-- Opening Marker --

lemma synth_of_conic_rep:
  assumes "conic_rep atoms x S c"
  shows "\<exists>\<alpha>. synth \<alpha> = x \<and> cost \<alpha> \<le> sum c S"
proof -
  have S: "finite S" "\<forall>a\<in>S. 0 \<le> c a" "x = (\<Sum>a\<in>S. c a *\<^sub>R a)"
    using assms by (auto simp: conic_rep_def)
  have "\<forall>a\<in>S. \<exists>i \<beta>. i < M \<and> a = mat_apply (d i) (K i) \<beta> \<and> norm a = 1"
    using assms unfolding conic_rep_def atoms_def by blast
  then obtain blk \<beta> where blk: "\<And>a. a \<in> S \<Longrightarrow>
      blk a < M \<and> a = mat_apply (d (blk a)) (K (blk a)) (\<beta> a) \<and> norm a = 1"
    by metis
  define G where "G i = {a\<in>S. blk a = i}" for i
  define \<alpha> where "\<alpha> i j = (\<Sum>a\<in>G i. c a * \<beta> a j)" for i j
  have block: "mat_apply (d i) (K i) (\<alpha> i) = (\<Sum>a\<in>G i. c a *\<^sub>R a)" for i
    unfolding \<alpha>_def mat_apply_sum using blk by (intro sum.cong) (auto simp: G_def)
  have group: "(\<Sum>i<M. \<Sum>a\<in>G i. g a) = sum g S" for g :: "'a \<Rightarrow> 'b::comm_monoid_add"
    unfolding G_def using blk S(1) by (intro sum.group) auto
  have "cost \<alpha> = (\<Sum>i<M. norm (\<Sum>a\<in>G i. c a *\<^sub>R a))"
    unfolding cost_def by (intro sum.cong) (simp_all add: block flip: norm_block)
  also have "\<dots> \<le> (\<Sum>i<M. \<Sum>a\<in>G i. norm (c a *\<^sub>R a))"
    by (intro sum_mono norm_sum)
  also have "\<dots> = sum c S"
    unfolding group using S(2) blk by (intro sum.cong) auto
  finally show ?thesis
    using S(3) by (intro exI[of _ \<alpha>]) (simp add: synth_def block group)
qed
(* Let $CK(z)=\sum_{n\ge1}|CK_n|z^n$. Then, as formal power series, $$CK(z)=2z^2+\sum_{m\ge1}m!\,z^{m-1}\left(\frac{1-z}{1+z}\right)^{m-1}\frac{z(1-2z-z^2)}{(1+z)^2}.$$
   Context: $CK_n=\{\sigma\in S_n: |\sigma_i-\sigma_{i+1}|>1 \text{ for } 1\le i\le n-1, \text{ and } |\sigma_1-\sigma_n|>1\}$, the set of cylindrical king permutations (one-line notation); $CK_1=S_1$. *)

theory Defs
  imports "HOL-Computational_Algebra.Formal_Power_Series" "HOL-Combinatorics.Permutations"
begin

text \<open>Cylindrical king permutations of [n], as bijections of {1..n} (one-line notation
  sigma_i = sigma i).  By convention CK_1 = S_1.\<close>
definition CK :: "nat \<Rightarrow> (nat \<Rightarrow> nat) set" where
  "CK n = {\<sigma>. \<sigma> permutes {1..n} \<and>
     (n = 1 \<or>
      ((\<forall>i\<in>{1..<n}. \<bar>int (\<sigma> i) - int (\<sigma> (Suc i))\<bar> > 1) \<and>
       \<bar>int (\<sigma> 1) - int (\<sigma> n)\<bar> > 1))}"

definition CK_gf :: "real fps" where
  "CK_gf = Abs_fps (\<lambda>n. if n = 0 then 0 else of_nat (card (CK n)))"

end

theory Submission
  imports Defs "HOL-Combinatorics.Multiset_Permutations"
begin

text \<open>
  Encode a permutation of \<open>{1..n}\<close> as a list and call a nonempty list of values that
  successively differ by one a block. Inclusion--exclusion over the cyclically adjacent pairs
  of values differing by one, applied to all \<open>n\<close> rotations of a permutation, expresses
  \<open>|CK_n|\<close> for \<open>n \<ge> 3\<close> as a sum over the sequences of \<open>k\<close> blocks concatenating to
  a permutation, each weighted by \<open>(-1)^(n+k)\<close> times the length of its first block.
  Rotating the sequence of blocks shows that this weight averages to \<open>n/k\<close>. The block
  containing \<open>n\<close> is one of the two intervals ending at \<open>n\<close>; removing it shows that
  there are \<open>(-1)^(n+k) k! [z^n] w^k\<close> such sequences, where \<open>w = z(1-z)/(1+z)\<close>.
  Hence \<open>|CK_n| = \<Sum>\<^sub>m m! n [z^n] w^(m+1)\<close>, and \<open>n [z^n] f = [z^n] z f'\<close> turns this into
  the stated series. The same formula gives \<open>|CK_1| = 1\<close> but \<open>-2\<close> instead of
  \<open>|CK_2| = 0\<close>, whence the term \<open>2 z^2\<close>.
\<close>

unbundle fps_syntax

section \<open>Power series\<close>

text \<open>For \<open>c \<ge> 1\<close> the coefficient of \<open>z^c\<close> is \<open>(-1)^(c-1)\<close> times the number of
  blocks with value set \<open>{n-c+1..n}\<close>: one for \<open>c = 1\<close>, two otherwise.\<close>
definition signed_block_fps :: "'a::field fps" where
  "signed_block_fps = fps_X * (1 - fps_X) / (1 + fps_X)"

lemma signed_block_fps_altdef:
  "signed_block_fps = fps_X * ((1 - fps_X) * inverse (1 + fps_X :: 'a::field fps))"
  unfolding signed_block_fps_def by (subst fps_divide_unit) (simp_all add: mult.assoc)

lemma signed_block_fps_nth:
  "(signed_block_fps :: 'a::field fps) $ c =
     (if c = 0 then 0 else if c = 1 then 1 else 2 * (-1) ^ (c - 1))"
proof -
  have "((1 - fps_X) * inverse (1 + fps_X :: 'a fps)) $ i = (if i = 0 then 1 else 2 * (-1) ^ i)" for i
    by (cases i) (simp_all add: fps_inverse_fps_X_plus1 left_diff_distrib)
  then show ?thesis
    by (cases c) (auto simp: signed_block_fps_altdef)
qed

lemma signed_block_fps_power_nth_eq_0:
  "n < k \<Longrightarrow> ((signed_block_fps :: 'a::field fps) ^ k) $ n = 0"
  by (simp add: signed_block_fps_altdef power_mult_distrib fps_X_power_mult_nth)

lemma fps_deriv_signed_block_fps:
  "fps_deriv (signed_block_fps :: 'a::field fps) = (1 - 2 * fps_X - fps_X ^ 2) / (1 + fps_X) ^ 2"
proof -
  have unit: "(1 + fps_X :: 'a fps) dvd a" for a
    by (rule unit_imp_dvd) (simp add: fps_is_unit_iff)
  show ?thesis
    unfolding signed_block_fps_def
    by (subst fps_divide_deriv[OF unit]) (simp add: algebra_simps power2_eq_square)
qed

lemma fps_X_mult_deriv_nth:
  "(fps_X * fps_deriv f) $ n = of_nat n * f $ n"
  by (cases n) simp_all

lemma sums_fps_of_nth_vanishing:
  fixes f :: "nat \<Rightarrow> 'a::ab_group_add fps"
  assumes "\<And>m n. n \<le> m \<Longrightarrow> f m $ n = 0"
  shows "f sums Abs_fps (\<lambda>n. \<Sum>m<n. f m $ n)"
  unfolding sums_def
proof (rule tendsto_fpsI)
  fix n
  show "\<forall>\<^sub>F N in sequentially. (\<Sum>m<N. f m) $ n = Abs_fps (\<lambda>n. \<Sum>m<n. f m $ n) $ n"
  proof (rule eventually_sequentiallyI)
    fix N assume "n \<le> N"
    then show "(\<Sum>m<N. f m) $ n = Abs_fps (\<lambda>n. \<Sum>m<n. f m $ n) $ n"
      using assms by (simp add: fps_sum_nth) (rule sum.mono_neutral_right; auto)
  qed
qed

-- Closing Marker --

● **Exercise requirements**:
If a line of the listing above holds the string "this", copy it.

● **Finished task**:
  Rotating the sequence of blocks shows that this weight averages to \<open>n/k\<close>. The block
  Hence \<open>|CK_n| = \<Sum>\<^sub>m m! n [z^n] w^(m+1)\<close>, and \<open>n [z^n] f = [z^n] z f'\<close> turns this into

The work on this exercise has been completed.